Given that emission spectroscopy is such a versatile analytical tool, it is perhaps no surprise that chemiluminescence has several potential applications in the area of chemical analysis. The intensity of luminescence is proportional the the concentration of reactant. In principle, analysis does not need the same level of instrumentation as emission spectroscopy – which needs a light source to excite the sample and emission my be detectable by eye. Therefore it can be used in crude analytical tests. Luminol is used to test for blood at crimescenes – a luminol spray on any suspected blood traces results in the iron in the blood catalysing luminol chemiluminescence, and glows for up to a minute after being sprayed.

But there is more scope for its use. Two problems to its adoption as an analytical technique are that the quantum yield of emission can be low, which means that at low concentrations, the detection may be difficult. In addition to potentially poor sensitivity, long lived emission (such as those observed in glow sticks and luminol), which makes for great demonstrations, means that response time is unnecessarily long. Some work on both of these areas is advancing. Coupling the chemiluminescence interactions with metal nanoparticles harnesses the surface plasmon resonance effect, where the emission from the chemiluminescence couples or resonates with the electron density of the nanoparticles, which enhance the signal, with reports of a 4 – 10 fold increase. The efficient transfer of energy from the excited state of the reagent to the nanorparticles also significantly reduces their lifetime, hence the lingering glow. Readers interested in this work are referred to Aslan and Geddes, given below.

This being said, chemiluminescence is already in use to study a wide range of medicinal and environmental-related compounds in a technique that couples chemiluminescence with liquid chromatography (HPLC-CL).
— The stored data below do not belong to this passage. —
text \<open>Each such \<open>m\<close> is therefore determined by the restriction of \<open>\<sigma>\<close> to \<open>A\<close>, a function
from \<open>A\<close> into the finite set \<open>T \<union> K\<close>.\<close>

lemma finite_supported_in_orbit:
  assumes "atom_action act" and "finite A" and "supports act A x" and "finite T"
  shows "finite {m \<in> orbit_fix act S x. supports act T m}"
proof -
  have "infinite (-T)" using assms(4) by (simp add: Compl_eq_Diff_UNIV Diff_infinite_finite)
  then obtain K where K: "finite K" "card K = card A" "K \<subseteq> -T"
    using infinite_arbitrarily_large by blast
  define G where "G f = act (SOME \<sigma>. bij \<sigma> \<and> (\<forall>a\<in>A. \<sigma> a = f a)) x" for f
  have "{m \<in> orbit_fix act S x. supports act T m} \<subseteq> G ` (\<Pi>\<^sub>E a\<in>A. T \<union> K)"
  proof
    fix m assume "m \<in> {m \<in> orbit_fix act S x. supports act T m}"
    then obtain \<pi> where "bij \<pi>" "\<pi> ` A \<subseteq> T \<union> K" "act \<pi> x = m"
      using orbit_element_by_bij_moving_support_into[OF assms(1,2) K(1), of T m S x] K(2,3) by auto
    define f where "f = restrict \<pi> A"
    define \<sigma> where "\<sigma> = (SOME \<sigma>. bij \<sigma> \<and> (\<forall>a\<in>A. \<sigma> a = f a))"
    have "\<exists>\<sigma>. bij \<sigma> \<and> (\<forall>a\<in>A. \<sigma> a = f a)" using \<open>bij \<pi>\<close> unfolding f_def by auto
    then have \<sigma>: "bij \<sigma> \<and> (\<forall>a\<in>A. \<sigma> a = f a)" unfolding \<sigma>_def by (rule someI_ex)
    then have "\<forall>a\<in>A. \<sigma> a = \<pi> a" unfolding f_def by simp
    then have "act \<sigma> x = act \<pi> x"
      using \<sigma> \<open>bij \<pi>\<close> by (intro act_eq_if_agree_on_support[OF assms(1,3)]) auto
    then have "G f = m" unfolding G_def \<sigma>_def[symmetric] using \<open>act \<pi> x = m\<close> by simp
    moreover have "f \<in> (\<Pi>\<^sub>E a\<in>A. T \<union> K)" using \<open>\<pi> ` A \<subseteq> T \<union> K\<close> unfolding f_def by auto
    ultimately show "m \<in> G ` (\<Pi>\<^sub>E a\<in>A. T \<union> K)" by blast
  qed
  moreover have "finite (\<Pi>\<^sub>E a\<in>A. T \<union> K)" using assms(2,4) K(1) by (simp add: finite_PiE)
  ultimately show ?thesis by (meson finite_imageI finite_subset)
qed
lemma recip_class_symmetric_rep:
  assumes "0 < p" "K \<in> recip_classes p"
  shows "\<exists>c \<in> K. symmetric_rep p c \<and> wlen p c = class_len p K"
proof -
  obtain g g' where g: "normal p g" "K = hconjclass p g" and g': "g' \<in> K" "hreciprocal p g'"
    using assms by (auto simp: recip_classes_def hreduced_iff_normal)
  define c where "c = cyc_red p g"
  have len: "wlen p c = class_len p K" using class_len_hconjclass[OF g(1) assms(1)] g c_def by simp
  have c: "normal p c" "ends_alternate c" using normal_cyc_red[OF g(1) assms(1)] c_def by auto
  have cK: "conjugate p g c" using conjugate_cyc_red[OF g(1) assms(1)] c_def by simp
  show ?thesis
  proof (cases "length c \<le> 1")
    case True
    then show ?thesis using cK c len g assms by (auto simp: symmetric_rep_def hconjclass_conv_conjugate)
  next
    case False
    have "is_rotation c (winv p c)" using reciprocal_cyc_red_rotation[OF g(1) assms(1)] g g' c_def by simp
    then obtain t where t: "inv_symmetric p (rotate t c)"
      using inv_symmetric_rotation_exists[OF c] False by auto
    have r: "normal p (rotate t c)" "ends_alternate (rotate t c)" "conjugate p c (rotate t c)"
      using rotate_conjugate[OF c assms(1)] by auto
    have "rotate t c \<in> K"
      using conjugate_trans[OF cK r(3) assms(1)] g assms by (simp add: hconjclass_conv_conjugate)
    then show ?thesis using r t len wlen_rotate[of p t c] by (auto simp: symmetric_rep_def)
  qed
qed

section \<open>Counting normal words\<close>

definition words_upto :: "nat \<Rightarrow> nat \<Rightarrow> hletter list set" where
  "words_upto p m = {w. normal p w \<and> wlen p w \<le> m}"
The reagents used in this technique include the now familiar luminol, which is used to investigate lipid hydroperoxides, neurotransmitters such as dopamine (which enhance the chemiluminescence), and environmentally relevant species such as organophosphorus reagents (e.g. diclorvos). The always familiar Ru(bpy)32+, which as well as everything else can exhibit chemiluminescence, undergoing reduction by analytes in high energy electron transfer reactions to produce the excited state. This system has been used to study nitrosamines, N-methylcarbamates pesticides in pear and apple samples and domoic acid which can be a factor responsible for shellfish poisoning. There are several set-ups possible for interfacing the chemiluminescence set-up with the HPLC; most simply by having an injection point after separation for the chemiluminescent reagent prior to the emission detector. A very detailed review of the use of chemiluminescence in medicinal, food and environmental analytes is that by Gámiz-Gracia et al.

Finally, it is worth noting that a lot of gas-phase reactions result in chemiluminescence. This is the basis of gas analysers, for example the nitrogen monoxide analyser. Nitrogen monoxide reacts with ozone to produce an excited state nitrogen dioxide which emits in the far visible/infrared region. The extent of luminescence can be related tot he initial concentration of NO.

Your very own magical world

If you want to set up your own version of Pandora, which cost James Cameron $250M, you can do it for a few euros, by buying some glow sticks and dotting them around. Their glow lasts for a few hours, so all you need is a little imagination during this time…


Lights in Sea are Natural“, Irish Times, www.irishtimes.com, 18 October 2009

K. Aslan and C. D. Geddes, “Metal-enhanced chemiluminescence: advanced chemiluminescence concepts for 21st century“, Chem. Soc. Rev., 2009, 2556 – 2564.

Laura Gámiz-Gracia, Ana M. García-Campana, José F. Huertas-Pérez, Francisco J. Lara, “Chemiluminescence detection in liquid chromatography: Applications to clinical, pharmaceutical, environmental and food analysis—A review“, Anal. Chim. Acta, 2009, 640, 7 – 28.